Excel格式的xls或者xlsx格式的文件
测序公司给的是xls或者xlsx格式的数据,数据的格式如下:
- 第一列是ID
- 第二列是染色体
- 第三列是物理位置
- 第四列是Ref
- 第五列以后是每个个体的具体分型,比如AT,AA,GG等分型。
这里,每一行是一个SNP,每一列是一个样本。
转化的代码
library(openxlsx)
library(tidyverse)
library(data.table)
dat = read.xlsx("genotype.xlsx")
dat[1:10,1:10]
map = dat %>% select(2,1,x = 3,p = 3)
head(map)
ped = dat %>% select(-c(1:4)) %>% t() %>% as.data.frame() %>%
mutate(ID = rownames(.)) %>%
mutate(x3=0,x4=0,x5=0,x6=0) %>%
select(FID=ID,IID=ID,x3,x4,x5,x6,everything())
ped[1:10,1:10]
fwrite(map, "file.map",col.names = F,quote = F,sep = " ")

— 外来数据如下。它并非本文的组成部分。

lemma dim_hankel [simp]:
  "dim_row (hankel m L T z) = m * L" "dim_col (hankel m L T z) = T - L + 1"
  unfolding hankel_def by simp_all

lemma hankel_carrier [simp]: "hankel m L T z \<in> carrier_mat (m * L) (T - L + 1)"
  unfolding hankel_def by simp

lemma dim_H_cum [simp]:
  "dim_row (H_cum m L a b T0 z \<alpha>) = m * L" "dim_col (H_cum m L a b T0 z \<alpha>) = T0 - L + 1"
  unfolding H_cum_def by simp_all

lemma sum_list_upt_Suc_eq_sum: "(\<Sum>i\<leftarrow>[a..<Suc b]. f i) = (\<Sum>i\<in>{a..b}. f i)"
  by (simp add: sum_list_distinct_conv_sum_set atLeastLessThanSuc_atLeastAtMost del: upt_Suc)

lemma dim_H_mos [simp]:
  "dim_row (H_mos m L a b T z \<alpha>) = m * L"
  "dim_col (H_mos m L a b T z \<alpha>) = (\<Sum>i\<in>{a..b}. T i - L + 1)"
  unfolding H_mos_def
  by (simp_all add: dim_hcat_list o_def sum_list_upt_Suc_eq_sum del: upt_Suc)

lemma dim_col_H_mos_equal_lengths:
  assumes "\<forall>i\<in>{a..b}. T i = T0"
  shows "dim_col (H_mos m L a b T z \<alpha>) = (b + 1 - a) * (T0 - L + 1)"
  using assms by simp

lemma H_mos_split:
  assumes "a \<le> k + 1" "k \<le> b"
  shows "H_mos m L a b T z \<alpha> = hcat (H_mos m L a k T z \<alpha>) (H_mos m L (k + 1) b T z \<alpha>)"
proof -
  have "[a..<b + 1] = [a..<k + 1] @ [k + 1..<b + 1]"
    using assms upt_add_eq_append[of a "k + 1" "b - k"] by simp
  then show ?thesis unfolding H_mos_def
    by (simp del: upt_Suc) (rule hcat_list_append, auto)
qed

lemma H_cum_split:
  assumes "a \<le> k + 1" "k \<le> b"
  shows "H_cum m L a k T0 z \<alpha> + H_cum m L (k + 1) b T0 z \<alpha> = H_cum m L a b T0 z \<alpha>"
proof -
  have "{a..b} = {a..k} \<union> {k + 1..b}" "{a..k} \<inter> {k + 1..b} = {}" using assms by auto
  then show ?thesis unfolding H_cum_def by (intro eq_matI) (auto simp: sum.union_disjoint)
qed

lemma H_mos_mult_ones_kron_id:
  assumes "\<forall>i\<in>{a..b}. T i = T0"
  shows "H_mos m L a b T z \<alpha> * ones_kron_id (b + 1 - a) (T0 - L + 1) = H_cum m L a b T0 z \<alpha>"
proof -
  let ?f = "\<lambda>i. \<alpha> i \<cdot>\<^sub>m hankel m L T0 (z i)"
  have mos: "H_mos m L a b T z \<alpha> = hcat_list (m * L) (map ?f [a..<b + 1])"
    unfolding H_mos_def using assms by (intro arg_cong[where f = "hcat_list _"] map_cong) auto
  have "\<forall>i\<in>set [a..<b + 1]. ?f i \<in> carrier_mat (m * L) (T0 - L + 1)"
    by (intro ballI smult_carrier_mat hankel_carrier)
  from hcat_list_mult_ones_kron_id[OF this]
  have "H_mos m L a b T z \<alpha> * ones_kron_id (b + 1 - a) (T0 - L + 1)
      = mat (m * L) (T0 - L + 1) (\<lambda>(r, c). \<Sum>i\<leftarrow>[a..<b + 1]. ?f i $$ (r, c))"
    unfolding mos length_upt .
  also have "\<dots> = H_cum m L a b T0 z \<alpha>"
    unfolding H_cum_def sum_list_upt_Suc_eq_sum[symmetric]
    by (intro eq_matI) (auto intro!: arg_cong[where f = sum_list] simp del: upt_Suc)
  finally show ?thesis .
qed

definition hyb_selector :: "nat \<Rightarrow> nat \<Rightarrow> nat \<Rightarrow> real mat" where
  "hyb_selector pb n S = four_block_mat (ones_kron_id pb n) (0\<^sub>m (pb * n) S) (0\<^sub>m S n) (1\<^sub>m S)"

lemma dim_hyb_selector [simp]:
  "dim_row (hyb_selector pb n S) = pb * n + S" "dim_col (hyb_selector pb n S) = n + S"
  unfolding hyb_selector_def by simp_all

lemma H_mos_mult_hyb_selector:
  assumes "pb \<le> p" and equal_lengths: "\<forall>i\<in>{1..pb}. T i = T 1"
  shows "H_mos m L 1 p T z \<alpha> * hyb_selector pb (T 1 - L + 1) (\<Sum>i\<in>{pb + 1..p}. T i - L + 1)
    = H_hyb m L p pb T z \<alpha>"
proof -
  define n S where "n = T 1 - L + 1" and "S = (\<Sum>i\<in>{pb + 1..p}. T i - L + 1)"
  define X Y where "X = H_mos m L 1 pb T z \<alpha>" and "Y = H_mos m L (pb + 1) p T z \<alpha>"
  have X: "X \<in> carrier_mat (m * L) (pb * n)"
    using dim_col_H_mos_equal_lengths[OF equal_lengths, of m L z \<alpha>] unfolding X_def n_def
    by (intro carrier_matI) simp_all
  have Y: "Y \<in> carrier_mat (m * L) S" unfolding Y_def S_def by (intro carrier_matI) simp_all
  have "H_mos m L 1 p T z \<alpha> = hcat X Y"
    unfolding X_def Y_def using \<open>pb \<le> p\<close> by (intro H_mos_split) auto
  then have "H_mos m L 1 p T z \<alpha> * hyb_selector pb n S
      = hcat (X * ones_kron_id pb n + Y * 0\<^sub>m S n) (X * 0\<^sub>m (pb * n) S + Y * 1\<^sub>m S)"
    unfolding hyb_selector_def by (simp only:) (rule hcat_mult_four_block_mat[OF X Y], auto)
  also have "\<dots> = hcat (H_cum m L 1 pb (T 1) z \<alpha>) Y"
  proof -
    have "X * ones_kron_id pb n = H_cum m L 1 pb (T 1) z \<alpha>"
      unfolding X_def n_def using H_mos_mult_ones_kron_id[OF equal_lengths] by simp
    moreover have "H_cum m L 1 pb (T 1) z \<alpha> \<in> carrier_mat (m * L) n"
      unfolding n_def by (intro carrier_matI) simp_all
    ultimately show ?thesis using X Y by simp
  qed
  finally show ?thesis unfolding H_hyb_def Y_def n_def S_def .
qed

lemma H_hyb_mult_ones_kron_id:
  assumes "pb \<le> p" and equal_lengths: "\<forall>i\<in>{1..p}. T i = T 1"
  shows "H_hyb m L p pb T z \<alpha> * ones_kron_id (p - pb + 1) (T 1 - L + 1) = H_cum m L 1 p (T 1) z \<alpha>"
proof -
  define n where "n = T 1 - L + 1"
  have mos_lengths: "\<forall>i\<in>{pb + 1..p}. T i = T 1"
    by (rule ball_atLeastAtMost_subset[OF equal_lengths]) simp_all
  have mos: "H_mos m L (pb + 1) p T z \<alpha> \<in> carrier_mat (m * L) ((p - pb) * n)"
    using dim_col_H_mos_equal_lengths[OF mos_lengths, of m L z \<alpha>] unfolding n_def
    by (intro carrier_matI) simp_all
  have "H_hyb m L p pb T z \<alpha> * ones_kron_id (Suc (p - pb)) n
      = H_cum m L 1 pb (T 1) z \<alpha> + H_mos m L (pb + 1) p T z \<alpha> * ones_kron_id (p - pb) n"
    unfolding H_hyb_def by (rule hcat_mult_ones_kron_id_Suc[OF _ mos]) (simp add: carrier_matI n_def)
  also have "\<dots> = H_cum m L 1 pb (T 1) z \<alpha> + H_cum m L (pb + 1) p (T 1) z \<alpha>"
    using H_mos_mult_ones_kron_id[OF mos_lengths] by (simp add: n_def)
  also have "\<dots> = H_cum m L 1 p (T 1) z \<alpha>" using \<open>pb \<le> p\<close> by (intro H_cum_split) auto
  finally show ?thesis by (simp add: n_def)
qed

lemma dim_col_H_hyb_equal_lengths:
  assumes "\<forall>i\<in>{pb + 1..p}. T i = T 1"
  shows "dim_col (H_hyb m L p pb T z \<alpha>) = (p - pb + 1) * (T 1 - L + 1)"
  using dim_col_H_mos_equal_lengths[OF assms, of m L z \<alpha>] unfolding H_hyb_def by simp

lemma dim_col_H_mos_eq_dim_row_hyb_selector:
  assumes "pb \<le> p" and equal_lengths: "\<forall>i\<in>{1..pb}. T i = T 1"
  shows "dim_col (H_mos m L 1 p T z \<alpha>)
    = dim_row (hyb_selector pb (T 1 - L + 1) (\<Sum>i\<in>{pb + 1..p}. T i - L + 1))"
proof -
  have "H_mos m L 1 p T z \<alpha> = hcat (H_mos m L 1 pb T z \<alpha>) (H_mos m L (pb + 1) p T z \<alpha>)"
    using \<open>pb \<le> p\<close> by (intro H_mos_split) auto
  then show ?thesis
    using dim_col_H_mos_equal_lengths[OF equal_lengths, of m L z \<alpha>] by simp
qed

lemma CCPE_imp_MCPE:
  assumes "CCPE m L p T z"
  shows "MCPE m L p T z"
  unfolding MCPE_def
proof (intro allI impI)
  fix \<alpha> assume "nonzero_weights p \<alpha>"
  then have "full_row_rank (H_cum m L 1 p (T 1) z \<alpha>)" using assms unfolding CCPE_def by blast
  moreover have equal_lengths: "\<forall>i\<in>{1..p}. T i = T 1" using assms unfolding CCPE_def by blast
  ultimately have "full_row_rank (H_mos m L 1 p T z \<alpha> * ones_kron_id p (T 1 - L + 1))"
    using H_mos_mult_ones_kron_id[OF equal_lengths, of m L z \<alpha>] by simp
  then show "full_row_rank (H_mos m L 1 p T z \<alpha>)"
    by (rule full_row_rank_of_mult) (use dim_col_H_mos_equal_lengths[OF equal_lengths] in simp)
qed

lemma CCPE_imp_HCPE:
  assumes "CCPE m L p T z" "pb \<le> p"
  shows "HCPE m L p pb T z"
proof -
  have equal_lengths: "\<forall>i\<in>{1..p}. T i = T 1" using assms unfolding CCPE_def by blast
  have mos_lengths: "\<forall>i\<in>{pb + 1..p}. T i = T 1"
    by (rule ball_atLeastAtMost_subset[OF equal_lengths]) simp_all
  have "full_row_rank (H_hyb m L p pb T z \<alpha>)" if "nonzero_weights p \<alpha>" for \<alpha>
  proof (rule full_row_rank_of_mult)
    show "full_row_rank (H_hyb m L p pb T z \<alpha> * ones_kron_id (p - pb + 1) (T 1 - L + 1))"
      unfolding H_hyb_mult_ones_kron_id[OF \<open>pb \<le> p\<close> equal_lengths]
      using assms(1) that unfolding CCPE_def by blast
  qed (simp add: dim_col_H_hyb_equal_lengths[OF mos_lengths])
  moreover have "\<forall>i\<in>{1..pb}. T i = T 1"
    by (rule ball_atLeastAtMost_subset[OF equal_lengths]) (simp_all add: \<open>pb \<le> p\<close>)
  ultimately show ?thesis unfolding HCPE_def by blast
qed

fwrite(ped, "file.ped",col.names = F,quote = F,sep = " ",na = "00")
代码的逻辑:
第一,读取数据
第二,整理为map数据
第三,整理为ped数据
第四,保存为plink的格式
注意,这里的缺失定义为##,后面需要通过sed命令,将其转为00字符。
map数据:
ped数据:
使用plink命令判断是否转化成功
plink --file file --missing
如果没有报错,就转化成功了。
常见问题1:Error: Line 1 of .ped file has fewer tokens than expected.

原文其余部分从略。